[Problem to work on]: All of the records should be restated word for word.

Stored data entries
(* For every parsummable category $\mathcal C$, the tensor product $\otimes$ and the transformation $\tau$ described below are well-defined (independent of all choices) and make $\Sigma(\mathcal C)$ into a permutative category with unit the empty sequence $\epsilon$. If $F\colon\mathcal C\to\mathcal D$ is a morphism of parsummable categories, then $\Sigma(F)$ is a strict symmetric monoidal functor with respect to these permutative structures. In this way $\Sigma$ lifts to a functor $\mathbf{ParSumCat}\to\mathbf{PermCat}$.
   Context: Let $\omega=\{1,2,\dots\}$, $\mathbf m=\{1,\dots,m\}$, $\mathcal M$ the monoid of injections $\omega\to\omega$, $E\mathcal M$ the category with objects $\mathcal M$ and a unique morphism between any two objects. An $E\mathcal M$-category is a small category with a strict $E\mathcal M$-action; $u_*$ denotes the action of $u$, $[v,u]\colon u_*\Rightarrow v_*$ the natural isomorphism from the morphism $u\to v$. $X$ is supported on finite $A\subset\omega$ if $u_*X=X$ whenever $u$ fixes $A$ pointwise; $\mathrm{supp}(X)$ is the intersection of such finite $A$; tame means all objects finitely supported. A parsummable category is a tame $E\mathcal M$-category with an object $0$ of empty support and a functor $+$ on the full subcategory of disjointly supported pairs in $\mathcal C\times\mathcal C$, strictly unital, associative, commutative and $E\mathcal M$-equivariant; morphisms of parsummable categories ($\mathbf{ParSumCat}$) are strictly equivariant functors preserving $0$ and $+$. $\mathbf{PermCat}$ is the category of small permutative categories (symmetric monoidal categories with identity associativity and unit isomorphisms) and strict symmetric monoidal functors. For an injection $\phi\colon\mathbf m\times\omega\to\omega$, $\phi_*(X_1,\dots,X_m)=\sum_i\phi(i,-)_*(X_i)$ and $[\phi',\phi]_{X_\bullet}=\sum_i[\phi'(i,-),\phi(i,-)]_{X_i}$. $\Sigma(\mathcal C)$ is the category whose objects are finite sequences $(X_1,\dots,X_m)$, $m\ge0$, of objects of $\mathcal C$ (the empty one is $\epsilon$), whose morphisms $(X_1,\dots,X_m)\to(Y_1,\dots,Y_n)$ are classes $[\psi,f,\phi]$ of triples (injections $\phi\colon\mathbf m\times\omega\to\omega$, $\psi\colon\mathbf n\times\omega\to\omega$, $f\colon\phi_*(X_\bullet)\to\psi_*(Y_\bullet)$) modulo $(\psi,f,\phi)\sim(\psi',[\psi',\psi]\circ f\circ[\phi,\phi'],\phi')$, with composition $[\rho,g,\theta]\circ[\psi,f,\phi]=[\rho,g\circ[\theta,\psi]\circ f,\phi]$. For $F$ a morphism of parsummable categories, $\Sigma(F)$ applies $F$ entrywise on objects and sends $[\psi,f,\phi]$ to $[\psi,F f,\phi]$. Tensor product: on objects, concatenation of sequences; for morphisms $\alpha\colon X_\bullet\to Y_\bullet$, $\beta\colon X'_\bullet\to Y'_\bullet$ choose representatives $(\psi,f,\phi)$ of $\alpha$ and $(\rho,g,\theta)$ of $\beta$ with $\mathrm{im}\,\phi\cap\mathrm{im}\,\theta=\varnothing$, $\mathrm{im}\,\psi\cap\mathrm{im}\,\rho=\varnothing$, and set $\alpha\otimes\beta=[\psi+\rho,f+g,\phi+\theta]$, where $(\phi+\theta)(i,x)=\phi(i,x)$ for $i\le m$ and $\theta(i-m,x)$ otherwise ($m$ the length of $X_\bullet$), similarly for $\psi+\rho$. Symmetry: for $X_\bullet$ of length $m$ and $Y_\bullet$ of length $n$, $\tau_{X_\bullet,Y_\bullet}=[\bar\phi,\mathrm{id},\phi]\colon X_\bullet\otimes Y_\bullet\to Y_\bullet\otimes X_\bullet$ for any injection $\phi\colon(\mathbf{m+n})\times\omega\to\omega$, where $\bar\phi(i,x)=\phi(i+m,x)$ for $i\le n$ and $\phi(i-n,x)$ otherwise. *)

theory Defs
  imports Main "HOL-Library.Nat_Bijection"
begin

[Result below]:
(* For every parsummable category $\mathcal C$, the tensor product $\otimes$ and the transformation $\tau$ described below are well-defined (independent of all choices) and make $\Sigma(\mathcal C)$ into a permutative category with unit the empty sequence $\epsilon$. If $F\colon\mathcal C\to\mathcal D$ is a morphism of parsummable categories, then $\Sigma(F)$ is a strict symmetric monoidal functor with respect to these permutative structures. In this way $\Sigma$ lifts to a functor $\mathbf{ParSumCat}\to\mathbf{PermCat}$.
   Context: Let $\omega=\{1,2,\dots\}$, $\mathbf m=\{1,\dots,m\}$, $\mathcal M$ the monoid of injections $\omega\to\omega$, $E\mathcal M$ the category with objects $\mathcal M$ and a unique morphism between any two objects. An $E\mathcal M$-category is a small category with a strict $E\mathcal M$-action; $u_*$ denotes the action of $u$, $[v,u]\colon u_*\Rightarrow v_*$ the natural isomorphism from the morphism $u\to v$. $X$ is supported on finite $A\subset\omega$ if $u_*X=X$ whenever $u$ fixes $A$ pointwise; $\mathrm{supp}(X)$ is the intersection of such finite $A$; tame means all objects finitely supported. A parsummable category is a tame $E\mathcal M$-category with an object $0$ of empty support and a functor $+$ on the full subcategory of disjointly supported pairs in $\mathcal C\times\mathcal C$, strictly unital, associative, commutative and $E\mathcal M$-equivariant; morphisms of parsummable categories ($\mathbf{ParSumCat}$) are strictly equivariant functors preserving $0$ and $+$. $\mathbf{PermCat}$ is the category of small permutative categories (symmetric monoidal categories with identity associativity and unit isomorphisms) and strict symmetric monoidal functors. For an injection $\phi\colon\mathbf m\times\omega\to\omega$, $\phi_*(X_1,\dots,X_m)=\sum_i\phi(i,-)_*(X_i)$ and $[\phi',\phi]_{X_\bullet}=\sum_i[\phi'(i,-),\phi(i,-)]_{X_i}$. $\Sigma(\mathcal C)$ is the category whose objects are finite sequences $(X_1,\dots,X_m)$, $m\ge0$, of objects of $\mathcal C$ (the empty one is $\epsilon$), whose morphisms $(X_1,\dots,X_m)\to(Y_1,\dots,Y_n)$ are classes $[\psi,f,\phi]$ of triples (injections $\phi\colon\mathbf m\times\omega\to\omega$, $\psi\colon\mathbf n\times\omega\to\omega$, $f\colon\phi_*(X_\bullet)\to\psi_*(Y_\bullet)$) modulo $(\psi,f,\phi)\sim(\psi',[\psi',\psi]\circ f\circ[\phi,\phi'],\phi')$, with composition $[\rho,g,\theta]\circ[\psi,f,\phi]=[\rho,g\circ[\theta,\psi]\circ f,\phi]$. For $F$ a morphism of parsummable categories, $\Sigma(F)$ applies $F$ entrywise on objects and sends $[\psi,f,\phi]$ to $[\psi,F f,\phi]$. Tensor product: on objects, concatenation of sequences; for morphisms $\alpha\colon X_\bullet\to Y_\bullet$, $\beta\colon X'_\bullet\to Y'_\bullet$ choose representatives $(\psi,f,\phi)$ of $\alpha$ and $(\rho,g,\theta)$ of $\beta$ with $\mathrm{im}\,\phi\cap\mathrm{im}\,\theta=\varnothing$, $\mathrm{im}\,\psi\cap\mathrm{im}\,\rho=\varnothing$, and set $\alpha\otimes\beta=[\psi+\rho,f+g,\phi+\theta]$, where $(\phi+\theta)(i,x)=\phi(i,x)$ for $i\le m$ and $\theta(i-m,x)$ otherwise ($m$ the length of $X_\bullet$), similarly for $\psi+\rho$. Symmetry: for $X_\bullet$ of length $m$ and $Y_\bullet$ of length $n$, $\tau_{X_\bullet,Y_\bullet}=[\bar\phi,\mathrm{id},\phi]\colon X_\bullet\otimes Y_\bullet\to Y_\bullet\otimes X_\bullet$ for any injection $\phi\colon(\mathbf{m+n})\times\omega\to\omega$, where $\bar\phi(i,x)=\phi(i+m,x)$ for $i\le n$ and $\phi(i-n,x)$ otherwise. *)

theory Defs
  imports Main "HOL-Library.Nat_Bijection"
begin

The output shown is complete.